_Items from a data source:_
┏━━

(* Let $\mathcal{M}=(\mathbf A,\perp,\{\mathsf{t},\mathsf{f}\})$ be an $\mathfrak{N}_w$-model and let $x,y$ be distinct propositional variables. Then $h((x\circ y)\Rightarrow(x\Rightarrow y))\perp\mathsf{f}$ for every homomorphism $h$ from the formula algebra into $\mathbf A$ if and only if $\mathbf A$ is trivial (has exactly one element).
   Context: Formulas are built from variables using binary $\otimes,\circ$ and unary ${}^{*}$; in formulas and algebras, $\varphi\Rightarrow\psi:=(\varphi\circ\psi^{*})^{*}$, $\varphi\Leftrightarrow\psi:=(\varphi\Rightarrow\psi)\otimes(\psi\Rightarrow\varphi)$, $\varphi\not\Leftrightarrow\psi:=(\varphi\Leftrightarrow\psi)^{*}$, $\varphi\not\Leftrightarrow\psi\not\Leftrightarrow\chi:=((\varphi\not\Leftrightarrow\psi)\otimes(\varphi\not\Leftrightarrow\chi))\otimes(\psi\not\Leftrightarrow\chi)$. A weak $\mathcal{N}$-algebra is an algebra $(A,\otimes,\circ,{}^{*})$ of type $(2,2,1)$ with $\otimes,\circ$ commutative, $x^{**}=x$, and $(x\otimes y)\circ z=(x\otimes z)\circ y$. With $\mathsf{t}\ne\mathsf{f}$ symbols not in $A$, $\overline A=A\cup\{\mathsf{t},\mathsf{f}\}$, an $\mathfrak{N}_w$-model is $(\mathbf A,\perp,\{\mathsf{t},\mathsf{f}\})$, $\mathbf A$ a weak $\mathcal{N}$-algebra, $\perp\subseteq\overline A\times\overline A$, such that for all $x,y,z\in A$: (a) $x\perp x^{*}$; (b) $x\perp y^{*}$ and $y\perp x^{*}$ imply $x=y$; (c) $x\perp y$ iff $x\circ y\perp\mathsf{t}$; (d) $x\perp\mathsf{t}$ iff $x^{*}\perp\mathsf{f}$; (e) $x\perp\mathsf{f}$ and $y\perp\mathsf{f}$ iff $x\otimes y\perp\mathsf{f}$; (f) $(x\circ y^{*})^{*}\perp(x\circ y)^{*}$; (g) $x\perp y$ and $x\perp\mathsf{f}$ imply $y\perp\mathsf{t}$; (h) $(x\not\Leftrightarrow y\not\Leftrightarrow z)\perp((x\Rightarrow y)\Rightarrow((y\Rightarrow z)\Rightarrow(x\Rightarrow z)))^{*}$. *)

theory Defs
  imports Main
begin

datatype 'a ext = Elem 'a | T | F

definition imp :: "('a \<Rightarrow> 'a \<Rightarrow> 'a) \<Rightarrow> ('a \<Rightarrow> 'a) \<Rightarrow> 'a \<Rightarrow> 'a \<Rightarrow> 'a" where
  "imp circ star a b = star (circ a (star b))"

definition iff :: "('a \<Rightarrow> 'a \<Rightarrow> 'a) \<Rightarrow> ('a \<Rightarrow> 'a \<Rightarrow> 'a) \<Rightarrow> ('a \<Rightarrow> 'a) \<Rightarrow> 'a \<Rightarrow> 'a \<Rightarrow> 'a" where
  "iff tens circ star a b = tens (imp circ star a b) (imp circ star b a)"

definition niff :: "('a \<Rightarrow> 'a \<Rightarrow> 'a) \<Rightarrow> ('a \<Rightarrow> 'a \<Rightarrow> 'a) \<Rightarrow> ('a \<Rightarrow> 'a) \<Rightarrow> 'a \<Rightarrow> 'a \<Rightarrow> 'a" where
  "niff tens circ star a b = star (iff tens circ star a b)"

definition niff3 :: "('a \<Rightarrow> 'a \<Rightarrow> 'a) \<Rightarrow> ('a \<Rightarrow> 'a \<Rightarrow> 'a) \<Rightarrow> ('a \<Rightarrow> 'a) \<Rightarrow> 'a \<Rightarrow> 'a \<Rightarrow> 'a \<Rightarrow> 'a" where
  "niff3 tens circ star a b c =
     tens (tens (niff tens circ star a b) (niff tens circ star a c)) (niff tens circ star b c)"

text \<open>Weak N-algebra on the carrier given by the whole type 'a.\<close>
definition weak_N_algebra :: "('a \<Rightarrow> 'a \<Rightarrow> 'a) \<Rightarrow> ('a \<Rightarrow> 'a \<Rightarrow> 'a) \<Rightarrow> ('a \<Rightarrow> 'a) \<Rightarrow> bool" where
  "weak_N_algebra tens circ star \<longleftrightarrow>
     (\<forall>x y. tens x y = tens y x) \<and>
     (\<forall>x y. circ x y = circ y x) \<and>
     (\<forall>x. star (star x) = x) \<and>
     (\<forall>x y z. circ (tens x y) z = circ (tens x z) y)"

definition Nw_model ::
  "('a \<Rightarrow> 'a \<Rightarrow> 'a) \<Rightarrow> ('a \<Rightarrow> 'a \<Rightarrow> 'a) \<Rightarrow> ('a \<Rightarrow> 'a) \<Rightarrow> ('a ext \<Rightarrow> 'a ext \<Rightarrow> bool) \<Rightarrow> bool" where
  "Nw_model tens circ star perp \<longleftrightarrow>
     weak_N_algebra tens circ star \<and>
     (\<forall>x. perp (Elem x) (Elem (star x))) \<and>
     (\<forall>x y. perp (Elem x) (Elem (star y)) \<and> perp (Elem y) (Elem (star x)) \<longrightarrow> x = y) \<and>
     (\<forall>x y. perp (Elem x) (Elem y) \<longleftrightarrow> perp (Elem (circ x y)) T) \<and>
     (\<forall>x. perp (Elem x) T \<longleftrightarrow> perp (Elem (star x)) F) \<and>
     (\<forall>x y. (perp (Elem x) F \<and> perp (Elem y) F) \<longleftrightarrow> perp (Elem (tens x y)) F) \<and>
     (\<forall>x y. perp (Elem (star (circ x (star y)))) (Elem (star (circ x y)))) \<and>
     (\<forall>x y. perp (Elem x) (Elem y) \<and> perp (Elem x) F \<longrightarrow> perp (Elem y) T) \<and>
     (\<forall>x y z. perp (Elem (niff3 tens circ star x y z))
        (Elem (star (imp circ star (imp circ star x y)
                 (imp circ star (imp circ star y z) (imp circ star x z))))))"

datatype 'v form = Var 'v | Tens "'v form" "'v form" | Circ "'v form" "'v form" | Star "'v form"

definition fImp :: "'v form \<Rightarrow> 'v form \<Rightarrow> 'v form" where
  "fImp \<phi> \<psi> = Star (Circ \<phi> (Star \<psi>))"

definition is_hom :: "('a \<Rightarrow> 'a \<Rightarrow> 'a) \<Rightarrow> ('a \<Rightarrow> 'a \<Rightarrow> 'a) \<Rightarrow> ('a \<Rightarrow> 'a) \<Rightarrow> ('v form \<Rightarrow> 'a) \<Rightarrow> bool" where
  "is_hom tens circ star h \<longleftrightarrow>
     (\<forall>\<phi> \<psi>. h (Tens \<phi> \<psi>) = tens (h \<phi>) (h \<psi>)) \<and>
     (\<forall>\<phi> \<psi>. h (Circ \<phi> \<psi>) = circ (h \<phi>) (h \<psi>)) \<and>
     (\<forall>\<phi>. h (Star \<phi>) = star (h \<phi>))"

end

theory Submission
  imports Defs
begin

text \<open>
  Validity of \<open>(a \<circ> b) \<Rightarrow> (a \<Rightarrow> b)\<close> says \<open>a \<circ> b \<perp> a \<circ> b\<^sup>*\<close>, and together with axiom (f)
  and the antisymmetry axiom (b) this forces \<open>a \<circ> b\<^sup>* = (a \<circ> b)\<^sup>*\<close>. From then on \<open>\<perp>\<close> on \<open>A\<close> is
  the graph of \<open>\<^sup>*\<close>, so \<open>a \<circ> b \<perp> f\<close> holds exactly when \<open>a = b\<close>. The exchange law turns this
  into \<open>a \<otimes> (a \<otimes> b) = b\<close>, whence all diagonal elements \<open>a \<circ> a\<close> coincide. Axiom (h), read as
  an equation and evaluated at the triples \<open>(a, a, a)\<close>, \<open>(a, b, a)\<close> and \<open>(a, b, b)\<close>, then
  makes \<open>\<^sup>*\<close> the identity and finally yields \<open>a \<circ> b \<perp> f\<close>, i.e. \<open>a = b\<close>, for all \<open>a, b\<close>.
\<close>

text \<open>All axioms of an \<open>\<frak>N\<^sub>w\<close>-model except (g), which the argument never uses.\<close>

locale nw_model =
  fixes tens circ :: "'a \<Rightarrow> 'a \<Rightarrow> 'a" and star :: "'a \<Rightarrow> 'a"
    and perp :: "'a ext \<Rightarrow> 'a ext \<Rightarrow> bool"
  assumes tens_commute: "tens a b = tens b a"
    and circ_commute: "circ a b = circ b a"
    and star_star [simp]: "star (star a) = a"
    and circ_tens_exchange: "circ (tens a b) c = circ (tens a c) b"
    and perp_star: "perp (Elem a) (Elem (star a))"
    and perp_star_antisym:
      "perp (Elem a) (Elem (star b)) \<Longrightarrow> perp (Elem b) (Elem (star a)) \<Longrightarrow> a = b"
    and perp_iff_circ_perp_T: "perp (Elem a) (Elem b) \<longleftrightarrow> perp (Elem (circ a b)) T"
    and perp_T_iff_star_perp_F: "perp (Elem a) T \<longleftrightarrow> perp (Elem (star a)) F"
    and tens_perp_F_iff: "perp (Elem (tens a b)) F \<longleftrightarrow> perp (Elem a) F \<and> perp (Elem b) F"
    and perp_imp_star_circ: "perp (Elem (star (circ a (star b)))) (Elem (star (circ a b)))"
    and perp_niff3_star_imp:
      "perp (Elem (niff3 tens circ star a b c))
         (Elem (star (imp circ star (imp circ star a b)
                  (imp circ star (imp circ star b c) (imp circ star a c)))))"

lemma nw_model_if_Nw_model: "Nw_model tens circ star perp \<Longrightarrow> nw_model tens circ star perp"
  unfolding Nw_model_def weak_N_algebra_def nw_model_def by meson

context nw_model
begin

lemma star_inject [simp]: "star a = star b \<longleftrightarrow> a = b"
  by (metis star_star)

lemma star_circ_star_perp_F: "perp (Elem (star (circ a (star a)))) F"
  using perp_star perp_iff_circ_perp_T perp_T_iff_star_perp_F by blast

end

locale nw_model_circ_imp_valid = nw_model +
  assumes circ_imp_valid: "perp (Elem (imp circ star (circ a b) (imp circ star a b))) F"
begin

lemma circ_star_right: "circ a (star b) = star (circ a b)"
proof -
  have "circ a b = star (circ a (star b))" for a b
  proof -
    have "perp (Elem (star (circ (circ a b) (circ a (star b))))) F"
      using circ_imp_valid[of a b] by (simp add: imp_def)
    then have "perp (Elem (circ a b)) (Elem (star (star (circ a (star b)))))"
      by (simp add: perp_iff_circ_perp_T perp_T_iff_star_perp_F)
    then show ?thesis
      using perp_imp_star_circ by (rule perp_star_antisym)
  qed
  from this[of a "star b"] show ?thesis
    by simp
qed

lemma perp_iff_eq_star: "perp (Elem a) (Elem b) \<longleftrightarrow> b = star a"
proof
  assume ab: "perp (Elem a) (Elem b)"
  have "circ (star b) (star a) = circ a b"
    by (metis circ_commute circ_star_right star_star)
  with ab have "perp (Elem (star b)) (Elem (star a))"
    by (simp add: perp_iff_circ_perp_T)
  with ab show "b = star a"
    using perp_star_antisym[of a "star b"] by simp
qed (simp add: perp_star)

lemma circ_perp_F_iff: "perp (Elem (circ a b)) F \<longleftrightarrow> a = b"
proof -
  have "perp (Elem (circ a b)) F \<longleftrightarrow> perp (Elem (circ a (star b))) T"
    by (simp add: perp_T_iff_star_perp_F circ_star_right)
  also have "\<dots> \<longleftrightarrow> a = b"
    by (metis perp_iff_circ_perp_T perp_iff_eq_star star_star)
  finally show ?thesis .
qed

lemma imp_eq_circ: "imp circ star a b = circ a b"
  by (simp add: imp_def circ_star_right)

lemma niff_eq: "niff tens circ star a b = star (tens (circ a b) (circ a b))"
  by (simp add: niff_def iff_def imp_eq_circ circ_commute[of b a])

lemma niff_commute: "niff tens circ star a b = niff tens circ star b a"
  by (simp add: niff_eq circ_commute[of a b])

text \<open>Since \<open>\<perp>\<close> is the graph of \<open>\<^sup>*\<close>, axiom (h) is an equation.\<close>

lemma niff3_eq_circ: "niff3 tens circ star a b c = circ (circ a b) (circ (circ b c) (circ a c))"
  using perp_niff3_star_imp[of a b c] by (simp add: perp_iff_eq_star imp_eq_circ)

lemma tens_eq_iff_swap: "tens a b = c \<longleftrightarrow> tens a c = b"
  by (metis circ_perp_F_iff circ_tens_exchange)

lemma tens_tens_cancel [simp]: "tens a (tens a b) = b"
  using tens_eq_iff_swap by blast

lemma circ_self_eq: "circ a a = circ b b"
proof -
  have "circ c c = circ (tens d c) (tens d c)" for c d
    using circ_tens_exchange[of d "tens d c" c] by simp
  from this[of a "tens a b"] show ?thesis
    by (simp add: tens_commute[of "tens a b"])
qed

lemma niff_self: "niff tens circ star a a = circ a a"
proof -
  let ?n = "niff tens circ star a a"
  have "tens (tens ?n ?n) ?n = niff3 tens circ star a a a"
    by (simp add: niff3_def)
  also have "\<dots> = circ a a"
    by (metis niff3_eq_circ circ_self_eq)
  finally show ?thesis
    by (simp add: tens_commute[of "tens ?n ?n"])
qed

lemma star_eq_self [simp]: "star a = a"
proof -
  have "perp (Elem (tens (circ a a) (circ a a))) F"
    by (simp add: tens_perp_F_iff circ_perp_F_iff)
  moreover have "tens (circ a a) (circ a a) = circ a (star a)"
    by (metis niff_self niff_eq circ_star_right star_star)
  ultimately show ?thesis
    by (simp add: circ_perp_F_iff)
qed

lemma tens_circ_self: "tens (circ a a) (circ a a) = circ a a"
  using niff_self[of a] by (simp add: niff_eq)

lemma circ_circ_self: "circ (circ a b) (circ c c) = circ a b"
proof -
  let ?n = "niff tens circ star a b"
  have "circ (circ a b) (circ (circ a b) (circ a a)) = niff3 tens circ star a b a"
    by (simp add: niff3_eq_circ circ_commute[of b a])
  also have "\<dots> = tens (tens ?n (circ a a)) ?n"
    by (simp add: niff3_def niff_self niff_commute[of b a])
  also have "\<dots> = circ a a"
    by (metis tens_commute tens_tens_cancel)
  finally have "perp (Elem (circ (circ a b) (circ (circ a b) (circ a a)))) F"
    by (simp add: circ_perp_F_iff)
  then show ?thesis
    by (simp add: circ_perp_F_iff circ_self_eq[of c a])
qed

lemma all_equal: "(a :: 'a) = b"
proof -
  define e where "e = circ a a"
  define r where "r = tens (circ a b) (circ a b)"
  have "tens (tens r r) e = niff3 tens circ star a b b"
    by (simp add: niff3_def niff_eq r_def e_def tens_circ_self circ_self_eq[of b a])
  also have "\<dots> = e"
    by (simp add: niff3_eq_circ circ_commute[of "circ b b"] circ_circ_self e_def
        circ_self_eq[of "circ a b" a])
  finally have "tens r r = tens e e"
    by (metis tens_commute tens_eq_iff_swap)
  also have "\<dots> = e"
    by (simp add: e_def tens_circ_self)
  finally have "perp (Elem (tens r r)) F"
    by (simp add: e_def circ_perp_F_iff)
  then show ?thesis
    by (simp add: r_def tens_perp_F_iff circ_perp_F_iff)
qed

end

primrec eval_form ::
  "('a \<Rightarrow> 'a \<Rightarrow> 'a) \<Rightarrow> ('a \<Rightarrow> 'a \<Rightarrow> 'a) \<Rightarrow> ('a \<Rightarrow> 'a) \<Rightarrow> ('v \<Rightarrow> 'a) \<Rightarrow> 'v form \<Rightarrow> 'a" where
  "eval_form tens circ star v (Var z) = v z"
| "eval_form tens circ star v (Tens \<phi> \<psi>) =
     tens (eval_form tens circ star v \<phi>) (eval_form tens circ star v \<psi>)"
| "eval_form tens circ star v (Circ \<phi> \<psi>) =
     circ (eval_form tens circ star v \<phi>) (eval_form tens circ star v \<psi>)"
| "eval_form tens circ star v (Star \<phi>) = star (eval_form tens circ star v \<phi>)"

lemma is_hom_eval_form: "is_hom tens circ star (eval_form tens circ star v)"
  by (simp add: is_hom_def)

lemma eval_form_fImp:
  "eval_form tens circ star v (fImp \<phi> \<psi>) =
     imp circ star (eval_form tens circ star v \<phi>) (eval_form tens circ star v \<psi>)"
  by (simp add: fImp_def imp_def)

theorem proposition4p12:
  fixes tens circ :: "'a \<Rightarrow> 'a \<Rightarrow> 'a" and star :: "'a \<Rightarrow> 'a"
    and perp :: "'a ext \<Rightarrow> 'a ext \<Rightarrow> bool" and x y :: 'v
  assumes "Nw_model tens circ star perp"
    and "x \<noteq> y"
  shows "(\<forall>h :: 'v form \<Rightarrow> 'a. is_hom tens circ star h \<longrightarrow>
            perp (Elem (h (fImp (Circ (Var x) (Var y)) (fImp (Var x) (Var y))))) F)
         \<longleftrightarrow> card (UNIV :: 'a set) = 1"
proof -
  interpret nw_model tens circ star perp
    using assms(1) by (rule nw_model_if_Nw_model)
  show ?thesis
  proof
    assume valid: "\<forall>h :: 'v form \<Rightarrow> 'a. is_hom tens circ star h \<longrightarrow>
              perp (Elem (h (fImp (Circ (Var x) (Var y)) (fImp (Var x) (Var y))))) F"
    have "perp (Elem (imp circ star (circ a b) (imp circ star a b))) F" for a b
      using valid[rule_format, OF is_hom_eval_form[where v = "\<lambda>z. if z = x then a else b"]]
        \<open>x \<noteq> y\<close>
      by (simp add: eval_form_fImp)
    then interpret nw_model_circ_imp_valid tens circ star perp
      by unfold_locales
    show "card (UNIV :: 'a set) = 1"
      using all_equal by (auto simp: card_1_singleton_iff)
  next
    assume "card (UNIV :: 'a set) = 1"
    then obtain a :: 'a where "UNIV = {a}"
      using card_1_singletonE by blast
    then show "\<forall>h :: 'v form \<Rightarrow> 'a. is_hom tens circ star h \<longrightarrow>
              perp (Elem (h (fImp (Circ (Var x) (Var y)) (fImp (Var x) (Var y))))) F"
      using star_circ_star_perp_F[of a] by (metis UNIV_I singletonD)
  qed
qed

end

┗━━

_EXERCISE DIRECTIONS:_
Above are the records; from them, give again exactly the lines from the one containing "by (simp add: imp_def circ_star_right)" through the one containing "by (simp add: niff_eq circ_commute[of a b])", both included.

_ANSWER TO THIS PROBLEM:_
  by (simp add: imp_def circ_star_right)

lemma niff_eq: "niff tens circ star a b = star (tens (circ a b) (circ a b))"
  by (simp add: niff_def iff_def imp_eq_circ circ_commute[of b a])

lemma niff_commute: "niff tens circ star a b = niff tens circ star b a"
  by (simp add: niff_eq circ_commute[of a b])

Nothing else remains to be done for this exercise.